§ **Exercise brief**: Return every line from the one with "(\<lambda>(i,j). A $$" through the one with "(\<forall>v \<in> carrier_vec", inclusive, exactly as it appears below.

□ □ □

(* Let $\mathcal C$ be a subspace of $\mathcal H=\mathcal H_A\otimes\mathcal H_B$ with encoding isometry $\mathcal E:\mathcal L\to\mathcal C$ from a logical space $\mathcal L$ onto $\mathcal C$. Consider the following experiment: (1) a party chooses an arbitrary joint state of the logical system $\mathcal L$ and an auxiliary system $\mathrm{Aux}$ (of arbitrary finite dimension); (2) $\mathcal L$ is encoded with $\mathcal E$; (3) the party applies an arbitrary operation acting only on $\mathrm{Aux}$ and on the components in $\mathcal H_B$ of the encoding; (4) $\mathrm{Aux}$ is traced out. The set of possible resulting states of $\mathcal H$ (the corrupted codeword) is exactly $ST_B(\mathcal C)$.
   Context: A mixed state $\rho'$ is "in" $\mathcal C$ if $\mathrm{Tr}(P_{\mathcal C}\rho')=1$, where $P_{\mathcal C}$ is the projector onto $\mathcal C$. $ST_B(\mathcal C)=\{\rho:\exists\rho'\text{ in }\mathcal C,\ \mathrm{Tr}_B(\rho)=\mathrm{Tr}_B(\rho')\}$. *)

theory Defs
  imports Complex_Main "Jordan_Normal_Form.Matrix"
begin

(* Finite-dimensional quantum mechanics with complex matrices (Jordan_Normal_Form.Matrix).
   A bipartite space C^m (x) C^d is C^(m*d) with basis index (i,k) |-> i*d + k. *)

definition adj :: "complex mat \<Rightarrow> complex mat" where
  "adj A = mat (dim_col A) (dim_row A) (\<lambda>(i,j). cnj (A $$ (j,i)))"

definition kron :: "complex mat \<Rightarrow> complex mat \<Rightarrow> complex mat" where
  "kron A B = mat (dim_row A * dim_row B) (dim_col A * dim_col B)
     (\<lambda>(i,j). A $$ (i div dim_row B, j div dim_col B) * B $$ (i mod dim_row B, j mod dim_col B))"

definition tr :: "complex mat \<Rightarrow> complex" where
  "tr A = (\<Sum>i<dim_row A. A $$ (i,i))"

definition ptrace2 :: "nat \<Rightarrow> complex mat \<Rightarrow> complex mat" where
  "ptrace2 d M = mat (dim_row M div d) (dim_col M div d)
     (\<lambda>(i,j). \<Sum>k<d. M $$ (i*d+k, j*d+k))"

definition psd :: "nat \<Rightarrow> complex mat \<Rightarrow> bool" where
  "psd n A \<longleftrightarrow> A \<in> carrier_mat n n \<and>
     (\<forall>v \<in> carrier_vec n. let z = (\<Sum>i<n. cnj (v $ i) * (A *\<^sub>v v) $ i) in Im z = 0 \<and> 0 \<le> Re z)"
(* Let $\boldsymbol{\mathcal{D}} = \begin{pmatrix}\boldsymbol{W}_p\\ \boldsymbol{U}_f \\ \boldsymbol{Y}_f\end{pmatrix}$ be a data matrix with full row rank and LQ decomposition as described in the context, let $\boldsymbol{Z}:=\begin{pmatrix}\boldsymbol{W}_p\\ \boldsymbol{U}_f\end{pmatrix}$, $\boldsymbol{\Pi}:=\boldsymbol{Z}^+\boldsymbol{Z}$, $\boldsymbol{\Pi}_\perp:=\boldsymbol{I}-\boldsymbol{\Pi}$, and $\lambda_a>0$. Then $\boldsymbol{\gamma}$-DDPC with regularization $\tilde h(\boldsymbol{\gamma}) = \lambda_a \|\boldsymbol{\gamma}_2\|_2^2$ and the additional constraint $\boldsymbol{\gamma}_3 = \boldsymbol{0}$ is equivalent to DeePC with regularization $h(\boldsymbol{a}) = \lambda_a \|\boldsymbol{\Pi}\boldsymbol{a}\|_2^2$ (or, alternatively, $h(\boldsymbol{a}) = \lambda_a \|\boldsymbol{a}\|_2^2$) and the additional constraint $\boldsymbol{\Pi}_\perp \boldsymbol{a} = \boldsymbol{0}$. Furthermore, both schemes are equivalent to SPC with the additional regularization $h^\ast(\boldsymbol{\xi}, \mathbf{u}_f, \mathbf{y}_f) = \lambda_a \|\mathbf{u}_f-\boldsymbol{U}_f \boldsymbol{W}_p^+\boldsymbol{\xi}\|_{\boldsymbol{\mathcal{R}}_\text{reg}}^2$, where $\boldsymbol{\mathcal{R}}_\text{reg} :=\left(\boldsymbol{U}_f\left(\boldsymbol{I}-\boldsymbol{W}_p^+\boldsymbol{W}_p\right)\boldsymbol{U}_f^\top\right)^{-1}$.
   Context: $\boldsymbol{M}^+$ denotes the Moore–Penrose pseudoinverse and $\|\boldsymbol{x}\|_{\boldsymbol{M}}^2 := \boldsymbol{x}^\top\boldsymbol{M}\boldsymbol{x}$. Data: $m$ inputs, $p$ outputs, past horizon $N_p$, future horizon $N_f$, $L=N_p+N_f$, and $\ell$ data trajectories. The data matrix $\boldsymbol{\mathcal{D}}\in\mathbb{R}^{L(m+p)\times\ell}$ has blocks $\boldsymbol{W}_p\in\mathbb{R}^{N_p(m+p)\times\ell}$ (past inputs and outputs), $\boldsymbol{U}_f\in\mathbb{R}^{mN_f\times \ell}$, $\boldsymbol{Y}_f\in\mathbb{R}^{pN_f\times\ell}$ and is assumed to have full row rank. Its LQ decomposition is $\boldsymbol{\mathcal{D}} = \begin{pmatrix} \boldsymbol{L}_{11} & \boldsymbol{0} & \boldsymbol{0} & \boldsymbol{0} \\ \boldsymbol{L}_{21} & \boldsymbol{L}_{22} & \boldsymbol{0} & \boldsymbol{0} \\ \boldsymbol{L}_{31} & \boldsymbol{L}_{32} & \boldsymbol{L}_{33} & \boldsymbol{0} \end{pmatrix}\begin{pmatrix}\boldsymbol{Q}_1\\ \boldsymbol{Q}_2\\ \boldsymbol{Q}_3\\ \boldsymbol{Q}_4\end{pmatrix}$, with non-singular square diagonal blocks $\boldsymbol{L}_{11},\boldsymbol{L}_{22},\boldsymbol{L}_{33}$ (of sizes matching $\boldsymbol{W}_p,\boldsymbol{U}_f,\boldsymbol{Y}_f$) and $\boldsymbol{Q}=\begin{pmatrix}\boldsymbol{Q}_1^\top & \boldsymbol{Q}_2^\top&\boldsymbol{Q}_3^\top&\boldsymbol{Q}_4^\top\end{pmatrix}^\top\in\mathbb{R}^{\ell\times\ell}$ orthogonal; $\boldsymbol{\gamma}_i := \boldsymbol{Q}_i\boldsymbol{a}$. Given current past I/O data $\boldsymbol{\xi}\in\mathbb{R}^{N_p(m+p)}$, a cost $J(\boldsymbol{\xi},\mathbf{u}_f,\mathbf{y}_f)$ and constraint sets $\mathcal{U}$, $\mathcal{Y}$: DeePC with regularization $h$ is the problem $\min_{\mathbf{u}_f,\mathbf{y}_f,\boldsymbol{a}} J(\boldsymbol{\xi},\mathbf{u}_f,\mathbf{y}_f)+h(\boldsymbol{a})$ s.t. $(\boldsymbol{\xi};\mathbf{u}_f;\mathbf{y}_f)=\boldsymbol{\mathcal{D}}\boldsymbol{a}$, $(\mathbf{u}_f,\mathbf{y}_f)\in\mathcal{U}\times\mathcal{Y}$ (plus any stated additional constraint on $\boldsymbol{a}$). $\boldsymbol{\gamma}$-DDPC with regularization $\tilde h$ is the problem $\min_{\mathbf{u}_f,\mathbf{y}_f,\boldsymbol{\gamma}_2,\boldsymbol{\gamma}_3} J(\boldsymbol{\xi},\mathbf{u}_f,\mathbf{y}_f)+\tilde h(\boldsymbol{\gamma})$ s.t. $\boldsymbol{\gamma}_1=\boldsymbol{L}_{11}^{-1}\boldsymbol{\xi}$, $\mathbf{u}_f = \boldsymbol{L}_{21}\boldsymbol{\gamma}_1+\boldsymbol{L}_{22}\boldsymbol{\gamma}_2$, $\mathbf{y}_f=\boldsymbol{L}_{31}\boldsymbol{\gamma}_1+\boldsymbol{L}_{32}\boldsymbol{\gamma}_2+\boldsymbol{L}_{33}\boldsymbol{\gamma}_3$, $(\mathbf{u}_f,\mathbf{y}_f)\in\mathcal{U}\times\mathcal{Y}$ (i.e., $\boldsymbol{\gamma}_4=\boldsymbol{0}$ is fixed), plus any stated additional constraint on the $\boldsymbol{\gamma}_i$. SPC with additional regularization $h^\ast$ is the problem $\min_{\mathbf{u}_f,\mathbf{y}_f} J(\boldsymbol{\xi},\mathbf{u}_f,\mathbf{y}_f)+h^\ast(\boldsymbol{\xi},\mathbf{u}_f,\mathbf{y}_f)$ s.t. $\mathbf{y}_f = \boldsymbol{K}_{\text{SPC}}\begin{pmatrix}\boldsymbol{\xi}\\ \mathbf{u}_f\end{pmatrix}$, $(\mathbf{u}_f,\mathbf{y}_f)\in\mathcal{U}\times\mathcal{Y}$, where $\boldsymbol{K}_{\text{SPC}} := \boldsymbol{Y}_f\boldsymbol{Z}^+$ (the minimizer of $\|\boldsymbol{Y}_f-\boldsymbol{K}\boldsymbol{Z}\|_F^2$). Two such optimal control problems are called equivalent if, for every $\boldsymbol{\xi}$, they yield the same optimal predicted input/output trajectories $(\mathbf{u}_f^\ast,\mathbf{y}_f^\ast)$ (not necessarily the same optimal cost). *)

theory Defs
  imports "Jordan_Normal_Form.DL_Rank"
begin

□ □ □

§ **Task solution**:
     (\<lambda>(i,j). A $$ (i div dim_row B, j div dim_col B) * B $$ (i mod dim_row B, j mod dim_col B))"

definition tr :: "complex mat \<Rightarrow> complex" where
  "tr A = (\<Sum>i<dim_row A. A $$ (i,i))"

definition ptrace2 :: "nat \<Rightarrow> complex mat \<Rightarrow> complex mat" where
  "ptrace2 d M = mat (dim_row M div d) (dim_col M div d)
     (\<lambda>(i,j). \<Sum>k<d. M $$ (i*d+k, j*d+k))"

definition psd :: "nat \<Rightarrow> complex mat \<Rightarrow> bool" where
  "psd n A \<longleftrightarrow> A \<in> carrier_mat n n \<and>
     (\<forall>v \<in> carrier_vec n. let z = (\<Sum>i<n. cnj (v $ i) * (A *\<^sub>v v) $ i) in Im z = 0 \<and> 0 \<le> Re z)"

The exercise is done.